Teams are currently using the G1 for:

• Manipulation research: Collecting human demonstration data via teleoperation, training imitation learning policies, and deploying them on the physical robot.
• Locomotion research: Reinforcement learning for walking, stair climbing, and rough terrain navigation.
• Education: Universities using G1 as a teaching platform for humanoid robotics courses.
• Data collection: Generating diverse manipulation datasets for foundation model training. SVRC operates G1 units for this purpose.

Limitations (Honest Assessment)

• Battery life: 2 hours of active use is short. Plan for battery swaps during extended sessions.
• Arm payload: 3 kg per arm limits the objects it can manipulate. Fine for household objects, insufficient for industrial tasks.
• Height: At 127 cm, it cannot reach standard kitchen counters or shelves designed for human height. Tasks requiring a human-height workspace need platform modifications.
• Hand dexterity: The 3-finger Dex3-1 hands cannot perform fine manipulation (threading, button pressing, tool use with human-level dexterity). Adequate for grasping, inadequate for assembly.

Tesla Optimus Gen 2: The State of Play in 2026

Tesla's Optimus (originally "Tesla Bot") has progressed from a person in a bodysuit on stage (2021) to a functioning humanoid robot doing real work in Tesla factories. The Gen 2 version, shown in late 2023 and improved through 2024-2025, represents serious engineering. But the commercial picture is very different from the G1.

What We Know About the Hardware

The Optimus Gen 2 is human-sized at 173 cm and weighs approximately 57 kg. It uses Tesla-designed actuators across 28+ degrees of freedom. The hands are the standout feature: 11 DOF per hand with tactile sensing on fingertips, enabling more dexterous manipulation than most competing humanoids.

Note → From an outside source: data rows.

(* Under the assumptions of the preceding lemma (two homomorphous MDPs with deterministic dynamics $T,T'$, $T'\in(T,\varepsilon_m)$, reward $\lambda_1$-Lipschitz in the action, $T$ and $T'$ $\lambda_2$-inverse Lipschitz in the action), suppose the action gap $\Delta$ satisfies $$\Delta>\frac{(2-\gamma)\lambda_1\lambda_2\varepsilon_m}{1-\gamma}.$$ Then $d^*_T(s)=d^*_{T'}(s)$ for all $s\in\mathcal S$.
   Context: Setting: An MDP has state space $\mathcal S$ (normed), action space $\mathcal A$ with the $\ell_1$ norm, deterministic dynamics $T:\mathcal S\times\mathcal A\to\mathcal S$, bounded reward $r(s,a,s')$, initial distribution $\rho_0$, discount $\gamma\in(0,1)$. $V^*_T(s)=\max_a[r(s,a,T(s,a))+\gamma V^*_T(T(s,a))]$, $Q^*_T(s,a)=r(s,a,T(s,a))+\gamma V^*_T(T(s,a))$, and $\pi^*_T(s)$ is the optimal (deterministic) action. Homomorphous MDPs share $\mathcal S,\mathcal A,r,\rho_0,\gamma$ and satisfy $\{T(s,a):a\in\mathcal A\}=\{T'(s,a):a\in\mathcal A\}$ for every $s$. $T'\in(T,\varepsilon_m)$ means $\|T(s,a)-T'(s,a)\|\le\varepsilon_m$ for all $(s,a)$. Lipschitz: $|r(s,a_1,s')-r(s,a_2,s')|\le\lambda_1\|a_1-a_2\|_1$; inverse Lipschitz: $\|a_1-a_2\|_1\le\lambda_2\|T(s,a_1)-T(s,a_2)\|$ (and likewise for $T'$). The action gap is $\Delta=\min_{\tilde T\in\{T,T'\}}\min_{s\in\mathcal S}\min_{a\neq\pi^*_{\tilde T}(s)}\left(V^*_{\tilde T}(s)-Q^*_{\tilde T}(s,a)\right)$. For a policy $\pi$, $d^\pi_T(s)=(1-\gamma)\sum_{t\ge0}\gamma^t p_T(s_t=s\mid\pi)$ is the discounted stationary state distribution under dynamics $T$ starting from $s_0\sim\rho_0$, and $d^*_T:=d^{\pi^*_T}_T$. *)

theory Defs
  imports "HOL-Probability.Probability"
begin

definition l1norm :: "real ^ 'n \<Rightarrow> real" where
  "l1norm a = (\<Sum>i\<in>UNIV. \<bar>a $ i\<bar>)"

definition Vstar ::
  "('s \<Rightarrow> 'act \<Rightarrow> 's) \<Rightarrow> ('s \<Rightarrow> 'act \<Rightarrow> 's \<Rightarrow> real) \<Rightarrow> real \<Rightarrow> 'act set \<Rightarrow> 's \<Rightarrow> real" where
  "Vstar T r \<gamma> A = (THE V. bounded (range V) \<and>
      (\<forall>s. V s = (SUP a\<in>A. r s a (T s a) + \<gamma> * V (T s a))))"

definition Qstar ::
  "('s \<Rightarrow> 'act \<Rightarrow> 's) \<Rightarrow> ('s \<Rightarrow> 'act \<Rightarrow> 's \<Rightarrow> real) \<Rightarrow> real \<Rightarrow> 'act set \<Rightarrow> 's \<Rightarrow> 'act \<Rightarrow> real" where
  "Qstar T r \<gamma> A s a = r s a (T s a) + \<gamma> * Vstar T r \<gamma> A (T s a)"

definition pistar ::
  "('s \<Rightarrow> 'act \<Rightarrow> 's) \<Rightarrow> ('s \<Rightarrow> 'act \<Rightarrow> 's \<Rightarrow> real) \<Rightarrow> real \<Rightarrow> 'act set \<Rightarrow> 's \<Rightarrow> 'act" where
  "pistar T r \<gamma> A s = (SOME a. a \<in> A \<and> Qstar T r \<gamma> A s a = Vstar T r \<gamma> A s)"

definition gap1 ::
  "('s \<Rightarrow> 'act \<Rightarrow> 's) \<Rightarrow> ('s \<Rightarrow> 'act \<Rightarrow> 's \<Rightarrow> real) \<Rightarrow> real \<Rightarrow> 'act set \<Rightarrow> real" where
  "gap1 T r \<gamma> A = Inf {Vstar T r \<gamma> A s - Qstar T r \<gamma> A s a | s a.
                        a \<in> A \<and> a \<noteq> pistar T r \<gamma> A s}"

definition action_gap ::
  "('s \<Rightarrow> 'act \<Rightarrow> 's) \<Rightarrow> ('s \<Rightarrow> 'act \<Rightarrow> 's) \<Rightarrow> ('s \<Rightarrow> 'act \<Rightarrow> 's \<Rightarrow> real) \<Rightarrow> real \<Rightarrow> 'act set \<Rightarrow> real" where
  "action_gap T T' r \<gamma> A = min (gap1 T r \<gamma> A) (gap1 T' r \<gamma> A)"

primrec traj :: "('s \<Rightarrow> 'act \<Rightarrow> 's) \<Rightarrow> ('s \<Rightarrow> 'act) \<Rightarrow> 's \<Rightarrow> nat \<Rightarrow> 's" where
  "traj T \<pi> s0 0 = s0"
| "traj T \<pi> s0 (Suc t) = T (traj T \<pi> s0 t) (\<pi> (traj T \<pi> s0 t))"
theorem theorem3p5:
  fixes A :: "real \<Rightarrow> 'x::{real_inner, complete_space} \<Rightarrow> 'x"
    and D :: "real \<Rightarrow> 'x set"
    and F :: "real \<Rightarrow> 'x \<Rightarrow> 'u::real_normed_vector \<Rightarrow> 'x"
    and P P' :: "real \<Rightarrow> 'x \<Rightarrow>\<^sub>L 'x"
    and a1 a2 :: "real \<Rightarrow> real"
    and M m1 m2 :: real
    and \<zeta> :: "real \<Rightarrow> real"
  assumes gen: "\<forall>t\<ge>0. generates_analytic_semigroup (A t) (D t)"
    and P_deriv: "\<forall>t\<ge>0. (P has_vector_derivative P' t) (at t within {0..})"
    and P'_cont: "continuous_on {0..} P'"
    and P_bounded: "\<exists>c. \<forall>t\<ge>0. norm (P t) \<le> c"
    and P_coercive: "\<exists>c>0. \<forall>t\<ge>0. \<forall>x. inner (P t x) x \<ge> c * (norm x)\<^sup>2"
    and P_posdef: "\<forall>t\<ge>0. positive_definite_op (P t)"
    and a1: "locally_integrable_nonneg a1"
    and a2: "locally_integrable_nonneg a2"
    and a1_div: "filterlim (\<lambda>t. integral {0..t} a1) at_top at_top"
    and M: "M \<ge> 0" and a2_le: "\<forall>t\<ge>0. a2 t \<le> M * a1 t"
    and m1: "m1 > 2" and m2: "m2 > 2"
    and \<zeta>: "class_K \<zeta>"
    and ineq: "\<forall>t\<ge>0. \<forall>x\<in>D t. \<forall>u.
        inner (P t x) (A t x) + inner (P t (A t x)) x + inner (P' t x) x
          + 2 * inner (F t x u) (P t x)
        \<le> - a1 t * (norm x)\<^sup>2 + a2 t * (norm x powr m1 + norm x powr m2) + \<zeta> (norm u)"
  shows "LiISS_LF A D F (\<lambda>t x. inner (P t x) x) \<and> LiISS A D F
     \<and> ((\<forall>t\<ge>0. a2 t = 0) \<longrightarrow> iISS_LF A D F (\<lambda>t x. inner (P t x) x) \<and> iISS A D F)"
proof -
  \<comment> \<open>\<open>gen\<close> only ensures that classical solutions exist; all notions in the conclusion
    quantify over given classical solutions.\<close>
  obtain C where C: "\<forall>t\<ge>0. norm (P t) \<le> C"
    using P_bounded by blast
  obtain c where "c > 0" and c: "\<forall>t\<ge>0. \<forall>x. c * (norm x)\<^sup>2 \<le> inner (P t x) x"
    using P_coercive by blast
  obtain r where "r > 0"
    and r: "\<And>s. 0 \<le> s \<Longrightarrow> s \<le> r \<Longrightarrow> s powr m1 + s powr m2 \<le> 1 / (2 * (1 + M)) * s\<^sup>2"
    using powr_add_le_square_near_0[OF m1 m2, of "1 / (2 * (1 + M))"] M by auto
  interpret quadratic_Lyapunov A D F P P' a1 a2 \<zeta> "\<lambda>s. s powr m1 + s powr m2" M c "max C 1" r
  proof
    show "class_K (\<lambda>s. s powr m1 + s powr m2)"
      using m1 m2 by (intro class_K_powr_add) auto
    show "inner (P t y) z = inner y (P t z)" if "t \<ge> 0" for t y z
      using P_posdef that by (simp add: positive_definite_op_def)
    show "s powr m1 + s powr m2 \<le> s\<^sup>2 / (2 * (1 + M))" if "0 \<le> s" "s \<le> r" for s
      using r[OF that] by simp
  qed (use P_deriv P'_cont C c a1 a2 a1_div M a2_le \<zeta> ineq \<open>c > 0\<close> \<open>r > 0\<close> in
      \<open>auto intro: max.coboundedI1\<close>)
  show ?thesis
    using LiISS_LF_V system_LiISS iISS_LF_V_if_a2_zero system_iISS_if_a2_zero by blast
qed

end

Tesla claims the actuators use a custom planetary gear design optimized for efficiency and backdrivability. The battery is reportedly based on Tesla's automotive battery technology, giving an estimated 5-hour runtime on a single charge, though this has not been independently verified.

Software Stack

Optimus runs Tesla's proprietary software stack, heavily leveraging their autonomous driving AI infrastructure. The computer vision system uses Tesla's neural network inference hardware (likely a variant of the HW4 chip). Training happens on Tesla's Dojo supercomputer and in-house GPU clusters.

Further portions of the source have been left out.